Published Jun 28, 2012
jlan79
118 Posts
I'm looking to go into ED nursing and I was wondering what is the typical nurse to patient ratio on a relatively busy day. The program I interviewed for mentioned 7-8 patients and I thought it was a lot, especially in ED. Is that a lot? Or am I being unrealistic?
emtb2rn, BSN, RN, EMT-B
2,942 Posts
It depends. If you're in fast track, 7-8 pts is fine. However, in the big show, that many pts as a normal everyday load is dangerous.
Outside fast track we staff at 4:1. Depending on the budget & census loads (i.e. Flu season) we may get extra staff 11-11 which lowers the ratio to 3:1. Although when we get slammed all bets are off.
Crux1024
985 Posts
Exactly what was said above. 4:1 is the max on our main side and the fast care side is however many are there:1 (there are 1 to 2 nurses on that side and its kind of a free for all).
But, as EMT said....when its really slammed, that all goes out the window. Hall beds are conjured out of nowhere and people can have more pts, but thats rare (for us anyways).
sserrn, BSN
141 Posts
In my ER, 4:1 Max no matter what.
brainkandy87
321 Posts
We have a 4:1 ratio. However, I've had 8 at one time before when we were short. I had a float nurse from another floor helping me give meds and do tasks, but I still had to chart everything, and honestly, I don't like non-ED personnel taking care of my patients. I voiced my opinion about it that night and, voila, that same float nurse I had ended up getting fired for bolusing someone with dopamine later that night after I'd left.

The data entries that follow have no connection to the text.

(* Let $\overline G$ be a finite graph embedded in an annulus $A$ with annular connectivity $\kappa(\overline G)=1$, and let $G$ be its lift to the universal cover of $A$. Let $v$ be a vertex forming an annular cut set, and let $H$ be the finite graph obtained by splitting $\overline G$ at $v$ into two vertices $v',v''$, so that $G$ is the infinite join $\cdots * H_\nu * H_{\nu+1}*\cdots$ of copies $(H_\nu,v'_\nu,v''_\nu)$ of $(H,v',v'')$, with $H_\nu$ joined to $H_{\nu+1}$ by identifying $v'_\nu$ with $v''_{\nu+1}$. Then, over $\mathbb F=\mathbb Q$, the Laplacian polynomial satisfies $\Delta_0(x)=\tau(H)(x-1)^2$ (up to units of $\mathbb Q[x^{\pm1}]$), where $\tau(H)$ is the number of spanning trees of $H$.
   Context: $\mathbb Z=\langle x\rangle$ acts on $G$ by deck transformations with quotient $\overline G$ with vertices $v_1,\dots,v_n$; choose lifts $v_{i,0}$ and set $v_{i,\nu}=x^\nu v_{i,0}$. The Laplacian matrix is $L(x)=D-A(x)$ over $\mathbb Q[x^{\pm1}]$, $D$ the diagonal matrix of degrees (loops counted twice), $A(x)_{ij}$ the sum of $x^\nu$ over edges of $G$ from $v_{i,0}$ to $v_{j,\nu}$; $\Delta_0=\det L(x)$, defined up to units. An annular cut set of $\overline G$ is a set of vertices whose removal (with incident edges) leaves a graph contained in a disk in $A$; $\kappa(\overline G)$ is the minimal cardinality of such a set. *)

theory Defs
  imports "HOL-Computational_Algebra.Formal_Laurent_Series" "Jordan_Normal_Form.Determinant"
begin

definition multigraph :: "'v set \<Rightarrow> 'e set \<Rightarrow> ('e \<Rightarrow> 'v \<times> 'v) \<Rightarrow> bool" where
  "multigraph V E ends \<longleftrightarrow> finite V \<and> finite E \<and>
     (\<forall>e\<in>E. fst (ends e) \<in> V \<and> snd (ends e) \<in> V)"

definition adj_in :: "'e set \<Rightarrow> ('e \<Rightarrow> 'v \<times> 'v) \<Rightarrow> 'v \<Rightarrow> 'v \<Rightarrow> bool" where
  "adj_in T ends u w \<longleftrightarrow> (\<exists>e\<in>T. ends e = (u, w) \<or> ends e = (w, u))"

definition spanning_tree :: "'v set \<Rightarrow> 'e set \<Rightarrow> ('e \<Rightarrow> 'v \<times> 'v) \<Rightarrow> 'e set \<Rightarrow> bool" where
  "spanning_tree V E ends T \<longleftrightarrow> T \<subseteq> E \<and> card T + 1 = card V \<and>
     (\<forall>u\<in>V. \<forall>w\<in>V. (adj_in T ends)\<^sup>*\<^sup>* u w)"

definition num_spanning_trees :: "'v set \<Rightarrow> 'e set \<Rightarrow> ('e \<Rightarrow> 'v \<times> 'v) \<Rightarrow> nat" where
  "num_spanning_trees V E ends = card {T. spanning_tree V E ends T}"

text \<open>A Z-periodic graph G is given by its finite quotient data: the vertex orbits Vq
  (vertex (i,\<nu>) of G stands for v_{i,\<nu>} = x^\<nu> v_{i,0}) and a finite set Eq of edge orbit
  representatives; the representative of e joins pends e = ((a,\<alpha>),(b,\<beta>)) in G, and its
  translate by x^k joins (a,\<alpha>+k) and (b,\<beta>+k).  The edges of G at v_{i,0} leading to
  v_{j,\<nu>} are then exactly the translates of representatives with a = i, b = j,
  \<nu> = \<beta> - \<alpha> (translate by -\<alpha>) or b = i, a = j, \<nu> = \<alpha> - \<beta> (translate by -\<beta>);
  a loop of G is thereby counted twice, as is its contribution to the degree.\<close>

definition per_adj :: "'e set \<Rightarrow> ('e \<Rightarrow> ('v \<times> int) \<times> ('v \<times> int)) \<Rightarrow> 'v \<Rightarrow> 'v \<Rightarrow> rat fls" where
  "per_adj Eq pends i j =
     (\<Sum>e\<in>Eq. (case pends e of ((a,\<alpha>),(b,\<beta>)) \<Rightarrow>
        (if a = i \<and> b = j then fls_X_intpow (\<beta> - \<alpha>) else 0) +
        (if b = i \<and> a = j then fls_X_intpow (\<alpha> - \<beta>) else 0)))"

definition per_deg :: "'e set \<Rightarrow> ('e \<Rightarrow> ('v \<times> int) \<times> ('v \<times> int)) \<Rightarrow> 'v \<Rightarrow> rat fls" where
  "per_deg Eq pends i =
     (\<Sum>e\<in>Eq. (case pends e of ((a,\<alpha>),(b,\<beta>)) \<Rightarrow>
        (if a = i then 1 else 0) + (if b = i then 1 else 0)))"

text \<open>Laplacian matrix L(x) = D - A(x), rows/columns indexed by the vertices of the quotient
  listed in increasing order, entries in Q[x^{\<plusminus>1}] \<subseteq> Q((x)).\<close>
definition per_laplacian ::
  "'v::linorder set \<Rightarrow> 'e set \<Rightarrow> ('e \<Rightarrow> ('v \<times> int) \<times> ('v \<times> int)) \<Rightarrow> rat fls mat" where
  "per_laplacian Vq Eq pends =
     (let vs = sorted_list_of_set Vq in
      mat (length vs) (length vs)
        (\<lambda>(r, s). (if r = s then per_deg Eq pends (vs ! r) else 0)
                  - per_adj Eq pends (vs ! r) (vs ! s)))"

definition laplacian_poly ::
  "'v::linorder set \<Rightarrow> 'e set \<Rightarrow> ('e \<Rightarrow> ('v \<times> int) \<times> ('v \<times> int)) \<Rightarrow> rat fls" where
  "laplacian_poly Vq Eq pends = det (per_laplacian Vq Eq pends)"

text \<open>Quotient vertices: V - {v''} (v' represents the cut vertex v, lift v_0 = v'_0).
  Vertex w of the copy H_0 is (w,0) for w \<noteq> v'' and v''_0 = v'_{-1} = (v',-1).\<close>
definition join_lift :: "'v \<Rightarrow> 'v \<Rightarrow> 'v \<Rightarrow> 'v \<times> int" where
  "join_lift v' v'' w = (if w = v'' then (v', -1) else (w, 0))"

definition join_ends :: "('e \<Rightarrow> 'v \<times> 'v) \<Rightarrow> 'v \<Rightarrow> 'v \<Rightarrow> 'e \<Rightarrow> ('v \<times> int) \<times> ('v \<times> int)" where
  "join_ends ends v' v'' e =
     (join_lift v' v'' (fst (ends e)), join_lift v' v'' (snd (ends e)))"

text \<open>Units of Q[x^{\<plusminus>1}] are c x^k with c \<noteq> 0.\<close>
definition assoc_laurent :: "rat fls \<Rightarrow> rat fls \<Rightarrow> bool" where
  "assoc_laurent p q \<longleftrightarrow> (\<exists>c::rat. \<exists>k::int. c \<noteq> 0 \<and> p = fls_const c * fls_X_intpow k * q)"

end

theory Submission
  imports Defs
begin

text \<open>
  The quotient Laplacian of the infinite join lives on the vertices of H other than v''; it is
  the Laplacian L of H with row v'' added x times to row v' and column v'' added x^-1
  times to column v', then row and column v'' deleted. Since all rows and columns of L sum to
  zero, deleting row v' instead of row v'' only changes the sign of a minor, so multilinearity
  of the determinant gives \<Delta>_0 = (1 - x)(1 - x^-1) det L', where L' is L with
  row and column v'' removed. By the matrix-tree theorem, proved by deletion and contraction
  of an edge at the deleted vertex, det L' = \<tau>(H); and (1 - x)(1 - x^-1) is
  -x^-1 (x - 1)^2.
\<close>

section \<open>Determinants of matrices indexed by a finite set\<close>

definition det_on :: "'i set \<Rightarrow> ('i \<Rightarrow> 'i \<Rightarrow> 'a::comm_ring_1) \<Rightarrow> 'a" where
  "det_on W f = (\<Sum>p\<in>{p. p permutes W}. of_int (sign p) * (\<Prod>i\<in>W. f i (p i)))"

lemma det_on_empty [simp]: "det_on {} f = 1"
  unfolding det_on_def by simp

lemma det_on_cong:
  assumes "\<And>i j. i \<in> W \<Longrightarrow> j \<in> W \<Longrightarrow> f i j = g i j"
  shows "det_on W f = det_on W g"
  unfolding det_on_def
  by (intro sum.cong refl arg_cong2[where f="(*)"] prod.cong)
     (auto intro: assms permutes_in_image[THEN iffD2])

lemma det_on_reindex:
  assumes bij: "bij_betw \<sigma> A B" and fin: "finite A"
  shows "det_on A (\<lambda>i j. f (\<sigma> i) (\<sigma> j)) = det_on B f"
proof -
  let ?\<phi> = "\<lambda>\<pi> x. if x \<in> B then \<sigma> (\<pi> (inv_into A \<sigma> x)) else x"
  have b: "bij_betw ?\<phi> {\<pi>. \<pi> permutes A} {\<pi>. \<pi> permutes B}"
    by (rule bij_betw_permutations[OF bij])
  have "det_on B f = (\<Sum>\<pi>\<in>{\<pi>. \<pi> permutes A}. of_int (sign (?\<phi> \<pi>)) * (\<Prod>i\<in>B. f i (?\<phi> \<pi> i)))"
    unfolding det_on_def by (rule sum.reindex_bij_betw[OF b, symmetric])
  also have "\<dots> = (\<Sum>\<pi>\<in>{\<pi>. \<pi> permutes A}. of_int (sign \<pi>) * (\<Prod>i\<in>A. f (\<sigma> i) (\<sigma> (\<pi> i))))"
  proof (rule sum.cong[OF refl])
    fix \<pi> assume "\<pi> \<in> {\<pi>. \<pi> permutes A}"
    hence p: "\<pi> permutes A" by simp
    interpret permutes_bij_finite \<pi> A B \<sigma> "inv_into A \<sigma>" "?\<phi> \<pi>"
      by unfold_locales (use p bij fin in \<open>auto simp: bij_betw_inv_into_left\<close>)
    have "(\<Prod>i\<in>B. f i (?\<phi> \<pi> i)) = (\<Prod>j\<in>A. f (\<sigma> j) (?\<phi> \<pi> (\<sigma> j)))"
      by (rule prod.reindex_bij_betw[OF bij, symmetric])
    also have "\<dots> = (\<Prod>j\<in>A. f (\<sigma> j) (\<sigma> (\<pi> j)))"
      by (intro prod.cong refl) (use bij in \<open>auto simp: bij_betw_inv_into_left bij_betwE\<close>)
    finally show "of_int (sign (?\<phi> \<pi>)) * (\<Prod>i\<in>B. f i (?\<phi> \<pi> i))
        = of_int (sign \<pi>) * (\<Prod>i\<in>A. f (\<sigma> i) (\<sigma> (\<pi> i)))"
      using sign_p' by simp
  qed
  finally show ?thesis unfolding det_on_def by simp
qed

lemma det_on_transpose:
  assumes fin: "finite W"
  shows "det_on W (\<lambda>i j. f j i) = det_on W f"
proof -
  have b: "bij_betw Hilbert_Choice.inv {p. p permutes W} {p. p permutes W}"
    by (rule bij_betw_byWitness[where f'=Hilbert_Choice.inv]) (auto simp: permutes_inv permutes_inv_inv)
  have "det_on W f = (\<Sum>p\<in>{p. p permutes W}. of_int (sign (Hilbert_Choice.inv p)) * (\<Prod>i\<in>W. f i (Hilbert_Choice.inv p i)))"
    unfolding det_on_def by (rule sum.reindex_bij_betw[OF b, symmetric])
  also have "\<dots> = (\<Sum>p\<in>{p. p permutes W}. of_int (sign p) * (\<Prod>i\<in>W. f (p i) i))"
  proof (rule sum.cong[OF refl])
    fix p assume "p \<in> {p. p permutes W}"
    hence p: "p permutes W" by simp
    have "(\<Prod>i\<in>W. f i (Hilbert_Choice.inv p i)) = (\<Prod>i\<in>W. f (p i) (Hilbert_Choice.inv p (p i)))"
      by (rule prod.reindex_bij_betw[OF permutes_imp_bij[OF p], symmetric])
    also have "\<dots> = (\<Prod>i\<in>W. f (p i) i)" using p by (simp add: permutes_inverses)
    finally show "of_int (sign (Hilbert_Choice.inv p)) * (\<Prod>i\<in>W. f i (Hilbert_Choice.inv p i)) = of_int (sign p) * (\<Prod>i\<in>W. f (p i) i)"
      using p fin by (simp add: sign_inverse permutes_imp_permutation)
  qed
  finally show ?thesis unfolding det_on_def by simp
qed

I can safely handle six patients as long as I don't have someone circling the drain, but how often do we have six patients in the ED and not have one that's critical?
How's that work? What happens when everyone 's at 4:1 & a couple of als buses pull up?
at that point, a less critical pt would be put in the hallway if another open room was not available, and they would hang out there until another nurse's 4th pt. got discharged and then move to that room. Usually doesn't take that long to find another room with 35 beds. However, our regular staffing in Major is only 3:1, so that's an additional fallback mechanism to increase the Major nurse's WKL to 4:1 if necessary. Very rarely happens, tho, even with seeing 170-200 pts a day.
sapphire18
1,082 Posts
Where I work it's 2:8/9, as in two nurses in a pod of 8 rooms and they work together whether they split up the rooms or share the rooms and just divvy up tasks (I like this way). Each pod has a hallway bed which is only used if necessary (which is often), making the workload 9 patients for 2 nurses.
NO50FRANNY
207 Posts
Walking wounded = up to 20
Acute = 4:1
Resus = All in brawl, 5 nurses for two trauma rooms and 7 resus bays, extras pulled from non-emergent areas if the you know what hits the fan.
VICEDRN, BSN, RN
1,078 Posts
8:1 in urgent care area
5:1 in moderate acuity area
4:1 in higher acuity areas with a floater shared between nurses.
had a job with 6-7 per nurse. it was awful.
sauconyrunner
553 Posts
We are 4:1 except for the fast track patients which is something like 6-10:1 nurse with her own Paramedic.
We are a non-trauma facility. Of course the occasional drop off trauma occurs.
If a couple of ALS buses pull up, we usually have had enough communication with them to move some people around to get our big rooms ready. We also work really well with the needed services, so that any emergent type pregnancy thing can usually offload in L&D, or with a proper EKG we can have the EMS guys deliver the STEMI directly to the Cath lab. No stopping.
buRNer
13 Posts
Acute areas "aim" for 5:1 but usually it's 6-7:1... Urgent care is a free-for-all.